DIRECTIONS FOR THIS TASK:
Work out how many lines of the data below hold the string "rule". Answer with that number alone.

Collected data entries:
(* Let $(W,S)$ be a Coxeter group with $W$ finite, and let $\mathfrak o$ be an orientation of $(W,S)$. Then $\mathfrak o=\mathfrak o_w$ for some $w\in W$.
   Context: $\ell$ is the length function of $(W,S)$ and $m(s,t)$ the order of $st$. An orientation of $(W,S)$ is a map $\mathfrak o:W\times S\to\{\pm1\}$ such that (OR1) $\mathfrak o(ws,s)=-\mathfrak o(w,s)$ for all $w\in W,s\in S$; and (OR2) whenever $s,t\in S$ with $m=m(s,t)<\infty$ and $w\in W$, the two sequences $(\mathfrak o(w,s),\mathfrak o(ws,t),\mathfrak o(wst,s),\dots)$ and $(\mathfrak o(w,t),\mathfrak o(wt,s),\mathfrak o(wts,t),\dots)$, each of length $m$, are for some $0\le k\le m$ either of the form $(+,\dots,+,-,\dots,-)$ ($k$ plus signs then $m-k$ minus signs) and $(-,\dots,-,+,\dots,+)$ ($m-k$ minus then $k$ plus), or of the form $(-,\dots,-,+,\dots,+)$ ($k$ minus then $m-k$ plus) and $(+,\dots,+,-,\dots,-)$ ($m-k$ plus then $k$ minus). For $w_0\in W$, the orientation towards $w_0$ is $\mathfrak o_{w_0}(w,s)=+1$ if $\ell(w_0^{-1}ws)<\ell(w_0^{-1}w)$ and $-1$ if $\ell(w_0^{-1}ws)>\ell(w_0^{-1}w)$. *)

theory Defs
  imports "HOL-Algebra.Generated_Groups" "HOL-Algebra.Multiplicative_Group"
begin

text \<open>m(s,t): the order of st in W (0 if infinite, following group.ord).\<close>
definition cox_m :: "'a monoid \<Rightarrow> 'a \<Rightarrow> 'a \<Rightarrow> nat" where
  "cox_m W s t = group.ord W (s \<otimes>\<^bsub>W\<^esub> t)"

text \<open>Coxeter system via the universal property of the presentation
  <S | s^2, (st)^m(s,t)>.  Test groups H are taken with carrier type
  'a list set set, which suffices since the presented group has as elements
  equivalence classes of words over S.\<close>
definition coxeter_system :: "'a monoid \<Rightarrow> 'a set \<Rightarrow> bool" where
  "coxeter_system W S \<longleftrightarrow>
     group W \<and> S \<subseteq> carrier W \<and>
     (\<forall>s\<in>S. s \<noteq> \<one>\<^bsub>W\<^esub> \<and> s \<otimes>\<^bsub>W\<^esub> s = \<one>\<^bsub>W\<^esub>) \<and>
     generate W S = carrier W \<and>
     (\<forall>(H :: 'a list set monoid) f. group H \<and> f \<in> S \<rightarrow> carrier H \<and>
        (\<forall>s\<in>S. \<forall>t\<in>S. (f s \<otimes>\<^bsub>H\<^esub> f t) [^]\<^bsub>H\<^esub> cox_m W s t = \<one>\<^bsub>H\<^esub>)
        \<longrightarrow> (\<exists>h\<in>hom W H. \<forall>s\<in>S. h s = f s))"

definition word_prod :: "'a monoid \<Rightarrow> 'a list \<Rightarrow> 'a" where
  "word_prod W ws = foldr (\<lambda>x y. x \<otimes>\<^bsub>W\<^esub> y) ws \<one>\<^bsub>W\<^esub>"

definition cox_length :: "'a monoid \<Rightarrow> 'a set \<Rightarrow> 'a \<Rightarrow> nat" where
  "cox_length W S w = (LEAST n. \<exists>ws. length ws = n \<and> set ws \<subseteq> S \<and> word_prod W ws = w)"

fun alt_prod :: "'a monoid \<Rightarrow> 'a \<Rightarrow> 'a \<Rightarrow> nat \<Rightarrow> 'a" where
  "alt_prod W s t 0 = \<one>\<^bsub>W\<^esub>"
| "alt_prod W s t (Suc n) = alt_prod W s t n \<otimes>\<^bsub>W\<^esub> (if even n then s else t)"

text \<open>i-th term (0-based) of the sequence (o(w,s), o(ws,t), o(wst,s), ...).\<close>
definition or_seq :: "'a monoid \<Rightarrow> ('a \<Rightarrow> 'a \<Rightarrow> int) \<Rightarrow> 'a \<Rightarrow> 'a \<Rightarrow> 'a \<Rightarrow> nat \<Rightarrow> int" where
  "or_seq W ori w s t i = ori (w \<otimes>\<^bsub>W\<^esub> alt_prod W s t i) (if even i then s else t)"

definition orientation :: "'a monoid \<Rightarrow> 'a set \<Rightarrow> ('a \<Rightarrow> 'a \<Rightarrow> int) \<Rightarrow> bool" where
  "orientation W S ori \<longleftrightarrow>
     (\<forall>w\<in>carrier W. \<forall>s\<in>S. ori w s \<in> {1, -1}) \<and>
     (\<forall>w\<in>carrier W. \<forall>s\<in>S. ori (w \<otimes>\<^bsub>W\<^esub> s) s = - ori w s) \<and>
     (\<forall>s\<in>S. \<forall>t\<in>S. \<forall>w\<in>carrier W. cox_m W s t \<noteq> 0 \<longrightarrow>
        (let m = cox_m W s t in
         \<exists>k\<le>m.
          (\<forall>i<m. or_seq W ori w s t i = (if i < k then 1 else -1) \<and>
                  or_seq W ori w t s i = (if i < m - k then -1 else 1)) \<or>
          (\<forall>i<m. or_seq W ori w s t i = (if i < k then -1 else 1) \<and>
                  or_seq W ori w t s i = (if i < m - k then 1 else -1))))"

definition orientation_towards :: "'a monoid \<Rightarrow> 'a set \<Rightarrow> 'a \<Rightarrow> 'a \<Rightarrow> 'a \<Rightarrow> int" where
  "orientation_towards W S w0 w s =
     (if cox_length W S (inv\<^bsub>W\<^esub> w0 \<otimes>\<^bsub>W\<^esub> w \<otimes>\<^bsub>W\<^esub> s) < cox_length W S (inv\<^bsub>W\<^esub> w0 \<otimes>\<^bsub>W\<^esub> w)
      then 1 else -1)"

end

theory Submission
  imports Defs "HOL-Library.Nat_Bijection"
begin

(* An orientation is the coboundary of a potential.  Since o(ws,s) = -o(w,s), and (OR2) makes
   the sums of o along the two alternating words of length m(s,t) agree, s |-> (s, o(-,s))
   respects the Coxeter relations in the wreath product Z wr W; the resulting homomorphism
   yields h : W -> Z with h(ws) = h(w) + o(w,s).
   Let w0 maximise h on the finite group W, so o(w0,s) = -1 for all s.  Induction on l(v) shows
   h(w0 v) = h(w0) - l(v): for an ascent v -> vr with l(v) = p, walk from v along s, r, s, ...
   (where vs is a descent) as long as the length keeps dropping.  At the last point x of the walk
   both neighbours are ascents of length at most p, so o(w0 x, -) = -1 on both generators, and
   (OR2) forces the whole alternating sequence to be -1; the braid relation keeps the walk shorter
   than m(s,r), so its J-th term, which is o(w0 v, r), is -1.  Hence o = o_w0. *)

(* alt_prod is defined on 'a monoid only, not on general monoid schemes. *)
locale plain_group = group G for G :: "'g monoid" (structure)

context plain_group begin

lemma alt_prod_closed:
  "a \<in> carrier G \<Longrightarrow> b \<in> carrier G \<Longrightarrow> alt_prod G a b n \<in> carrier G"
  by (induction n) auto

lemma alt_prod_add:
  assumes "a \<in> carrier G" "b \<in> carrier G"
  shows "alt_prod G a b (m + n) =
    alt_prod G a b m \<otimes> alt_prod G (if even m then a else b) (if even m then b else a) n"
  by (induction n) (use assms in \<open>auto simp: alt_prod_closed m_assoc\<close>)

lemma alt_prod_double:
  assumes "a \<in> carrier G" "b \<in> carrier G"
  shows "alt_prod G a b (2 * k) = (a \<otimes> b) [^] k"
proof (induction k)
  case (Suc k)
  have "alt_prod G a b (2 * Suc k) = alt_prod G a b (2 * k) \<otimes> alt_prod G a b 2"
    using alt_prod_add[OF assms, of "2 * k" 2] by simp
  then show ?case
    using Suc assms by (simp add: numeral_2_eq_2)
qed simp

lemma inv_eq_self_if_square_one: "a \<in> carrier G \<Longrightarrow> a \<otimes> a = \<one> \<Longrightarrow> inv a = a"
  by (rule inv_equality)

lemma alt_prod_Suc_left:
  "a \<in> carrier G \<Longrightarrow> b \<in> carrier G \<Longrightarrow> alt_prod G a b (Suc n) = a \<otimes> alt_prod G b a n"
  using alt_prod_add[of a b 1 n] by simp

lemma alt_prod_inv:
  assumes "a \<in> carrier G" "b \<in> carrier G" "a \<otimes> a = \<one>" "b \<otimes> b = \<one>"
  shows "inv (alt_prod G a b n) = alt_prod G (if even n then b else a) (if even n then a else b) n"
proof (induction n)
  case (Suc n)
  define c e where "c = (if even n then a else b)" and "e = (if even n then b else a)"
  have "inv (alt_prod G a b (Suc n)) = c \<otimes> alt_prod G e c n"
    using Suc assms
    by (simp add: inv_mult_group alt_prod_closed inv_eq_self_if_square_one c_def e_def)
  also have "\<dots> = alt_prod G c e (Suc n)"
    by (rule alt_prod_Suc_left[symmetric]) (use assms in \<open>simp_all add: c_def e_def\<close>)
  finally show ?case by (simp add: c_def e_def)
qed simp

lemma alt_prod_braid_iff:
  assumes "a \<in> carrier G" "b \<in> carrier G" "a \<otimes> a = \<one>" "b \<otimes> b = \<one>"
  shows "alt_prod G a b m = alt_prod G b a m \<longleftrightarrow> (a \<otimes> b) [^] m = \<one>"
proof -
  define c d where "c = (if even m then a else b)" and "d = (if even m then b else a)"
  have cd: "c \<in> carrier G" "d \<in> carrier G" using assms by (simp_all add: c_def d_def)
  have "(a \<otimes> b) [^] m = alt_prod G a b m \<otimes> alt_prod G c d m"
    using alt_prod_double[OF assms(1,2), of m] alt_prod_add[OF assms(1,2), of m m]
    by (simp add: c_def d_def mult_2)
  also have "\<dots> = \<one> \<longleftrightarrow> alt_prod G c d m = inv (alt_prod G a b m)"
    using assms cd by (metis alt_prod_closed inv_equality inv_comm r_inv)
  also have "inv (alt_prod G a b m) = alt_prod G d c m"
    using alt_prod_inv[OF assms] by (simp add: c_def d_def)
  finally show ?thesis
    by (auto simp: c_def d_def)
qed

end

lemma sum_lessThan_if_less:
  fixes a b :: "'a :: comm_semiring_1"
  shows "k \<le> m \<Longrightarrow> (\<Sum>i<m. if i < k then a else b) = of_nat k * a + of_nat (m - k) * b"
proof (induction m)
  case (Suc m)
  then show ?case
    by (cases "k = Suc m") (auto simp: Suc_diff_le algebra_simps)
qed simp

ANSWER TO THE EXERCISE:
2